**What you have to do:**
The number of lines containing "False" is the only answer wanted; work it out from the entries below.

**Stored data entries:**
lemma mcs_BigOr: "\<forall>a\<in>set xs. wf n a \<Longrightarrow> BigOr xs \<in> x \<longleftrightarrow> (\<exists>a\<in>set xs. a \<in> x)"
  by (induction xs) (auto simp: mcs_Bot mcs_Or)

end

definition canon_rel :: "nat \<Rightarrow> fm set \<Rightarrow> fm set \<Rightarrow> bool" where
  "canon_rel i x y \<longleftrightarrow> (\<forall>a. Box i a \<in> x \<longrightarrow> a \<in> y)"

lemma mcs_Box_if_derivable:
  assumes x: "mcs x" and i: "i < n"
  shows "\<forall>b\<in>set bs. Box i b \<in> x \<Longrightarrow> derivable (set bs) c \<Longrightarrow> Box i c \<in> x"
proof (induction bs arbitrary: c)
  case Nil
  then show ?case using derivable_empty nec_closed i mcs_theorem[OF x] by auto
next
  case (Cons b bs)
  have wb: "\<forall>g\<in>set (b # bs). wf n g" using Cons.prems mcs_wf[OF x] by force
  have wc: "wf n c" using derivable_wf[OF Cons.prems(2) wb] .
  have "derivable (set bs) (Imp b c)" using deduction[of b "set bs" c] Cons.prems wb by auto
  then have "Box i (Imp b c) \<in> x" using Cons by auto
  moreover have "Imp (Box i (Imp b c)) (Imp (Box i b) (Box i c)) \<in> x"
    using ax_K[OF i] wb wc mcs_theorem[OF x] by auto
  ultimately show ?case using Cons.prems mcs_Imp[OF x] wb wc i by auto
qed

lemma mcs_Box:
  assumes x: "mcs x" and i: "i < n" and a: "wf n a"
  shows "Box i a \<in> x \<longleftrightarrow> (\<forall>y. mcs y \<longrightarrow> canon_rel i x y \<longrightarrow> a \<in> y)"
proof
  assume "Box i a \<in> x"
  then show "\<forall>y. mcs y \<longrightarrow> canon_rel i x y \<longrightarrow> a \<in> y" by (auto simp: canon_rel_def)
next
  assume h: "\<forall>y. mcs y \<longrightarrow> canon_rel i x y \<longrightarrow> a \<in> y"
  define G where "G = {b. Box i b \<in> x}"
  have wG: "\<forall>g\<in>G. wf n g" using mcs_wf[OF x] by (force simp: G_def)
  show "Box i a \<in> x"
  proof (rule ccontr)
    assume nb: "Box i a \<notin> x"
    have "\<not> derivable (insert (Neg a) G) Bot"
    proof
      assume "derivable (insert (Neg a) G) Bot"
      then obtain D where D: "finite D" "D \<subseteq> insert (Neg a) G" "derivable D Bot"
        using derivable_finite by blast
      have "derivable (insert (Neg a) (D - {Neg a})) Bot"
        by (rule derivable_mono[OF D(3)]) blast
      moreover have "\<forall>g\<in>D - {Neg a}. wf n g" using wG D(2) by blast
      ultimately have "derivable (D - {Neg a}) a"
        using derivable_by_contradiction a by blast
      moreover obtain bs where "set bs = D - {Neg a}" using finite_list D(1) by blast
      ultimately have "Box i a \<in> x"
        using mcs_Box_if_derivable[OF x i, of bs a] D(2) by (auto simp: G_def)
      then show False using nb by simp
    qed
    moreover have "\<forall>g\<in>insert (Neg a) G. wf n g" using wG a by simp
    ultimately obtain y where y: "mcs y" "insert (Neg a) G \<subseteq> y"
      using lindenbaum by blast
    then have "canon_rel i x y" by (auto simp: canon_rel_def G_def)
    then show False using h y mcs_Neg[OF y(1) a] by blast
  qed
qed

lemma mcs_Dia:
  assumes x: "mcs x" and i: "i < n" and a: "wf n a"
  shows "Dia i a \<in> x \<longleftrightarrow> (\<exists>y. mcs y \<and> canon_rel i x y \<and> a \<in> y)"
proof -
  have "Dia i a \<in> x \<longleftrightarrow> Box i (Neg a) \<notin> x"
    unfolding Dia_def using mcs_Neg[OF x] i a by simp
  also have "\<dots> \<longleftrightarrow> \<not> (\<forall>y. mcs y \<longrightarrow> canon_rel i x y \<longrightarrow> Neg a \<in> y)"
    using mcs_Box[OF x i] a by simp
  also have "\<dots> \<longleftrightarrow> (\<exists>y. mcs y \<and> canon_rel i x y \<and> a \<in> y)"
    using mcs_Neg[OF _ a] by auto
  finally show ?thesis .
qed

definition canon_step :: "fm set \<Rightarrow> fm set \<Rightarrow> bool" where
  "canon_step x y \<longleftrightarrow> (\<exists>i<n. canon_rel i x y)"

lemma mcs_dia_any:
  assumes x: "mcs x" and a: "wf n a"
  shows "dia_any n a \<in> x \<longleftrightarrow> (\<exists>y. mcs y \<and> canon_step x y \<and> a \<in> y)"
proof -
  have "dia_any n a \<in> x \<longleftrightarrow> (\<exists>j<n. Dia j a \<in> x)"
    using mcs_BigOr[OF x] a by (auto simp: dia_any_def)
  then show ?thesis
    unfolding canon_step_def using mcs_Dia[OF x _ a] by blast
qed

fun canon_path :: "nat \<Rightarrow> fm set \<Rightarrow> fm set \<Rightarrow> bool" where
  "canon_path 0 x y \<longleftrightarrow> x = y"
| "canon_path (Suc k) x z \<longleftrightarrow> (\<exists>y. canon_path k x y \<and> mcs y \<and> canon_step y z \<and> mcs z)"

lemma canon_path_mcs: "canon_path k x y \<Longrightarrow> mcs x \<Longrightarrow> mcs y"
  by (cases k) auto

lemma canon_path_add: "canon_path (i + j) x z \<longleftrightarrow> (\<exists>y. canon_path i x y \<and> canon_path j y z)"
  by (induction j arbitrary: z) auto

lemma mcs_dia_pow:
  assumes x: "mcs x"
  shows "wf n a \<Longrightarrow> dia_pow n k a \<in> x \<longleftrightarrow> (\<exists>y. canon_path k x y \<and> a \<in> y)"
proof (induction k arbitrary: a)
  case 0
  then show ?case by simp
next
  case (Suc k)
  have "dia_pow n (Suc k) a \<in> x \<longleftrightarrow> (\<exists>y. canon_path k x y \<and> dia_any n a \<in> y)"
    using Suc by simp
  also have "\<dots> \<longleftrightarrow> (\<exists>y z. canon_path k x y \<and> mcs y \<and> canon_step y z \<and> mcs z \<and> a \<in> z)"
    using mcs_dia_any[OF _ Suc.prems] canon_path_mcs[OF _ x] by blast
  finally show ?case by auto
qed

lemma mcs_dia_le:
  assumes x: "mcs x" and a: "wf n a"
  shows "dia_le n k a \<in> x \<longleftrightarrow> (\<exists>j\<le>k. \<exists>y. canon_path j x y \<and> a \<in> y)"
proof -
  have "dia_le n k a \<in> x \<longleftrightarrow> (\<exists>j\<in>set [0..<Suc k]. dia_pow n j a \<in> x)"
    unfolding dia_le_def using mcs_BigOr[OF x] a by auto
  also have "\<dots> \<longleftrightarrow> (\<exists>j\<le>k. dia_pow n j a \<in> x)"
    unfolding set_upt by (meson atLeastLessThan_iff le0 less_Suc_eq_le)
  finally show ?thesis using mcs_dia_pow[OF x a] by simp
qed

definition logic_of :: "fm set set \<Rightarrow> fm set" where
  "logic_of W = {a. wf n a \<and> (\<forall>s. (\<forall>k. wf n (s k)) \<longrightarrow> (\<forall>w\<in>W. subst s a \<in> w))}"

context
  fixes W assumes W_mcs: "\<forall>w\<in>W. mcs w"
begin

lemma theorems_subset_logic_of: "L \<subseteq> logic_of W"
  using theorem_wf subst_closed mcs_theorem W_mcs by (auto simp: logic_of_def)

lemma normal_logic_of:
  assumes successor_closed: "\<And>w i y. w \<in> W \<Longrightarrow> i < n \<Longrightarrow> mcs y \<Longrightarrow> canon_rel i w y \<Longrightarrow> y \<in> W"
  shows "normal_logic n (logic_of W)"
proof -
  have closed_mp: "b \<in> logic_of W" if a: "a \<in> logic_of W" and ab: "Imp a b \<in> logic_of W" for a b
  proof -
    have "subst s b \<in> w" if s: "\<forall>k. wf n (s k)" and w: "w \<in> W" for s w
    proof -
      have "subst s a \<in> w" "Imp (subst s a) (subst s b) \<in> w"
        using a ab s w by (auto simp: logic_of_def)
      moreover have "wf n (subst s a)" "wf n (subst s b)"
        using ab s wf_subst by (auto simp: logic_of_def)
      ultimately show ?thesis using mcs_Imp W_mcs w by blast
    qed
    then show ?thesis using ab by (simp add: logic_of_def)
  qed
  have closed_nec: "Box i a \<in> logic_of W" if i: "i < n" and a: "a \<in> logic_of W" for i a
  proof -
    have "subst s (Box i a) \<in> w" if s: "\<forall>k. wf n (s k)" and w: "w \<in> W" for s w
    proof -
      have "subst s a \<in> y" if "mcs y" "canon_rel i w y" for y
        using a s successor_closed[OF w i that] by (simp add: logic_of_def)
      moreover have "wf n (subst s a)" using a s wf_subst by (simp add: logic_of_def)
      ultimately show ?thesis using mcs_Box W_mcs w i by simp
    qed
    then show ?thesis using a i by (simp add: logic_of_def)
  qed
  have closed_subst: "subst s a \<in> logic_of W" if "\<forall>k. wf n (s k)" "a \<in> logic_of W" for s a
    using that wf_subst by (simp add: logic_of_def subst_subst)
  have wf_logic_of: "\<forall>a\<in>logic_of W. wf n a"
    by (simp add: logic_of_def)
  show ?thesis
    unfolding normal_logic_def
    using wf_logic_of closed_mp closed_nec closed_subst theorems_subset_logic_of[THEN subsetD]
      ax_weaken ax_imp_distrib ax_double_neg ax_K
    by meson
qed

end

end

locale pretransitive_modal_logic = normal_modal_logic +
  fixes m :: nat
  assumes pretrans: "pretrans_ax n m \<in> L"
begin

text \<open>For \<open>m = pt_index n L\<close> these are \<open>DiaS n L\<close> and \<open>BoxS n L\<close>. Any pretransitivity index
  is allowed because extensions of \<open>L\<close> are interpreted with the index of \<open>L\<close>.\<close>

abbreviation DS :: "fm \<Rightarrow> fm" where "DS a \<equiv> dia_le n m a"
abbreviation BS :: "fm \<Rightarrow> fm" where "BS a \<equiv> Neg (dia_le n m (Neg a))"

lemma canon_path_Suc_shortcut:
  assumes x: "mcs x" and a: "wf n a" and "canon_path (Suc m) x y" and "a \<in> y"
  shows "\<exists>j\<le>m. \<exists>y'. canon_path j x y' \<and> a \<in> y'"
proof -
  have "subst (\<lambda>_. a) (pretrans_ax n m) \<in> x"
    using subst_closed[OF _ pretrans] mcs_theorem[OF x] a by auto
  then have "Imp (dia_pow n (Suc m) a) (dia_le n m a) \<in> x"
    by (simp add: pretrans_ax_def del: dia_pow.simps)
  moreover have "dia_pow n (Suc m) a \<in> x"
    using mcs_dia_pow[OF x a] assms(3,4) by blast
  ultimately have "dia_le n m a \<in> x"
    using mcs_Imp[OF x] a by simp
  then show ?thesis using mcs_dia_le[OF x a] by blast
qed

==

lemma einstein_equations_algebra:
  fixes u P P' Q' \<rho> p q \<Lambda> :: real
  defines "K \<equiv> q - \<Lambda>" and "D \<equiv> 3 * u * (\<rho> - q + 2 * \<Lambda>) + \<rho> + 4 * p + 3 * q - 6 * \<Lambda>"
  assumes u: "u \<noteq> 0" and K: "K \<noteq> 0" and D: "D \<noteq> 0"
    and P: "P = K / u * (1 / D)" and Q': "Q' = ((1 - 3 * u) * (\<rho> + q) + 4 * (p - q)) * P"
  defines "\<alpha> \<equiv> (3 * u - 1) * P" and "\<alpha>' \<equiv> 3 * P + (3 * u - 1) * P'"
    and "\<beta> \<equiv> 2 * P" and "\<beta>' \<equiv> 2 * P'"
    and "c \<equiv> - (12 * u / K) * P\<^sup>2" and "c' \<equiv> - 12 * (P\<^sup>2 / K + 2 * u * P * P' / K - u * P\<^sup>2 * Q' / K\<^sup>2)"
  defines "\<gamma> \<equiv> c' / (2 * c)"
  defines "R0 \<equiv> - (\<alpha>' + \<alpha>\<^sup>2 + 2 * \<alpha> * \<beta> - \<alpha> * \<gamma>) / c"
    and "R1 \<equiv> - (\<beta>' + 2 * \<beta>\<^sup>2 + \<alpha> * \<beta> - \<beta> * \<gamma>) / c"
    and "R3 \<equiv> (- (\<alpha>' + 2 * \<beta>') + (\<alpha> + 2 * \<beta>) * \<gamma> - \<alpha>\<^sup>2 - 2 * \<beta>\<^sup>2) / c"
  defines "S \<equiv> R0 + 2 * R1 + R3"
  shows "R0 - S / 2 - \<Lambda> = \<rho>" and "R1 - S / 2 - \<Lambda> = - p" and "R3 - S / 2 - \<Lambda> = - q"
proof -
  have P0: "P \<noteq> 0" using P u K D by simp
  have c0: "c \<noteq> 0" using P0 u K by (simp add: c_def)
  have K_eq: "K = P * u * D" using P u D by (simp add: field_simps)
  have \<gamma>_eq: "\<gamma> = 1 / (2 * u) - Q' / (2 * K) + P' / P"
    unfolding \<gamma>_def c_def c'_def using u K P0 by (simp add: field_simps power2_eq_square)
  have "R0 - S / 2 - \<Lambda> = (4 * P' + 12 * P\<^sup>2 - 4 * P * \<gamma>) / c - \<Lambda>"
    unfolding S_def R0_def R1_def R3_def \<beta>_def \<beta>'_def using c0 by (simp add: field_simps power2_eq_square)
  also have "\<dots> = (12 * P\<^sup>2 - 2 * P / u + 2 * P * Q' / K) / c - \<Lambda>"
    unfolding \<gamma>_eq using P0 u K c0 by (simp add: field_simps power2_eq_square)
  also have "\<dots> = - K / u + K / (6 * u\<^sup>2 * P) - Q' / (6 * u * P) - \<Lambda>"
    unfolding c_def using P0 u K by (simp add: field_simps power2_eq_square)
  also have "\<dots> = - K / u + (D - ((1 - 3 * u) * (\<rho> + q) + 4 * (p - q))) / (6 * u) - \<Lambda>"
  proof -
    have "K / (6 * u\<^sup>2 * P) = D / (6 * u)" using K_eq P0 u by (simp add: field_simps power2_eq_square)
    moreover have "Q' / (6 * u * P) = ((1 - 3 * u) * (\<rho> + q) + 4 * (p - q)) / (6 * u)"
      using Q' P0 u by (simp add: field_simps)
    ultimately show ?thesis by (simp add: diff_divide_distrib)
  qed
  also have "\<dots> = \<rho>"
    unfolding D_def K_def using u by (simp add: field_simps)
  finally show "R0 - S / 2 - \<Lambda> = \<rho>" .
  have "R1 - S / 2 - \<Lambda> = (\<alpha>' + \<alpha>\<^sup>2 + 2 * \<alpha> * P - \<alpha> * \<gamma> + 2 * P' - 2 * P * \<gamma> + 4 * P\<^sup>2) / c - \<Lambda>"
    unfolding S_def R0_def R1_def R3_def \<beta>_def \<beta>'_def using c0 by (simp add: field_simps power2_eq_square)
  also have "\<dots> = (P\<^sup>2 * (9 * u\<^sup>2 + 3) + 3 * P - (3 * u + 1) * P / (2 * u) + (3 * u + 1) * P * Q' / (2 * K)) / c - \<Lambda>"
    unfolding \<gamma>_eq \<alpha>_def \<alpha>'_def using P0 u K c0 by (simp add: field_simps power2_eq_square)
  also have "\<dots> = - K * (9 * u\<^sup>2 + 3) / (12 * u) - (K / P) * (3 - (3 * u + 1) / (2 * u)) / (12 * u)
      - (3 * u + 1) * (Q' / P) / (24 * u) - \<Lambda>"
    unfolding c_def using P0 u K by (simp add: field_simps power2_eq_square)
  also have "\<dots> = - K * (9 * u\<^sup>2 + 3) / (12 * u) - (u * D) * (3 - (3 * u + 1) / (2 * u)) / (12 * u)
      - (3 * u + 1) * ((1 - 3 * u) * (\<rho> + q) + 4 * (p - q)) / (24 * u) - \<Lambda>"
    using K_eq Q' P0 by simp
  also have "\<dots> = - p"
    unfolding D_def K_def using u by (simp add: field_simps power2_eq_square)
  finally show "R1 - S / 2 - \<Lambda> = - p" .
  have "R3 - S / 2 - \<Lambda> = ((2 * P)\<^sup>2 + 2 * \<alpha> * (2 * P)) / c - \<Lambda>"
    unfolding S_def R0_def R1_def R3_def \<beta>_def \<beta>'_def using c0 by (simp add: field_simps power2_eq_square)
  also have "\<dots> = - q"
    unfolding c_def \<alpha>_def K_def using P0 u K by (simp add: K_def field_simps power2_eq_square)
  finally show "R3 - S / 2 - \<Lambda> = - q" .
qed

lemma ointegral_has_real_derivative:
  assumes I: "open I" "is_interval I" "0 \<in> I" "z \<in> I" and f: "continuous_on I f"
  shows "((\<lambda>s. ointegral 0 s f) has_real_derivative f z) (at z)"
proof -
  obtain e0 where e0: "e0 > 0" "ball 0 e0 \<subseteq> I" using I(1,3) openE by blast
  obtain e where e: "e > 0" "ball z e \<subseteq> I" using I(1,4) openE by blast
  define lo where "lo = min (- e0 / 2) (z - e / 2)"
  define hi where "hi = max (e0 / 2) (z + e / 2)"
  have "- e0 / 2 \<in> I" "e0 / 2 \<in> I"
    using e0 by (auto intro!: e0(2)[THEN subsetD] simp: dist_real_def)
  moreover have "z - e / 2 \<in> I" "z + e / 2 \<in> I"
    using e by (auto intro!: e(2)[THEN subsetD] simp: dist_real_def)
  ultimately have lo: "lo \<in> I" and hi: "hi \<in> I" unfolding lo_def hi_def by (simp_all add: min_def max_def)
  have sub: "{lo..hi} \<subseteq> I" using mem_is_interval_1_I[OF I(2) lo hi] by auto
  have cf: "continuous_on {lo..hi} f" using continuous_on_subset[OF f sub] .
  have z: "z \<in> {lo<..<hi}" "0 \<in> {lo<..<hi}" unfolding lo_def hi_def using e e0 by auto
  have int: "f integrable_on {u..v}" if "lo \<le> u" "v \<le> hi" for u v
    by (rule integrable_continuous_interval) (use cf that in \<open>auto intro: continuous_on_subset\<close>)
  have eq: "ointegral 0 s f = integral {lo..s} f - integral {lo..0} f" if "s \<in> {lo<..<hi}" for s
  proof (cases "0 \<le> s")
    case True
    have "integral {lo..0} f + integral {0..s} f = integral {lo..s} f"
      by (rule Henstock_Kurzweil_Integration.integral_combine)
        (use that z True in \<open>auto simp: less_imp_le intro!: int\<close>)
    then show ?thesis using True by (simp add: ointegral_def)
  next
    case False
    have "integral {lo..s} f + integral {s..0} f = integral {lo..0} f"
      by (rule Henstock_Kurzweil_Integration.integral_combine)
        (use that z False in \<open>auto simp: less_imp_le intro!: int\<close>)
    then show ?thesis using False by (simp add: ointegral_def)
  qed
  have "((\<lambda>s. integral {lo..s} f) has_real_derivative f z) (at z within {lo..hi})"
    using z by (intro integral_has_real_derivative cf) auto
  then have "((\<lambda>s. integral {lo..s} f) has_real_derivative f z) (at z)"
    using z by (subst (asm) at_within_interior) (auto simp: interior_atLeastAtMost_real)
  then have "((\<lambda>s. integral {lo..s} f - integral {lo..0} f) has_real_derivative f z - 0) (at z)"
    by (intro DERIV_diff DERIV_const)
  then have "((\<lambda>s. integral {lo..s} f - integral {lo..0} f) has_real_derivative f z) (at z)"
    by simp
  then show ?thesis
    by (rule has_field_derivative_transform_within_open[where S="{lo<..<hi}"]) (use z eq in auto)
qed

**Answer area:**
5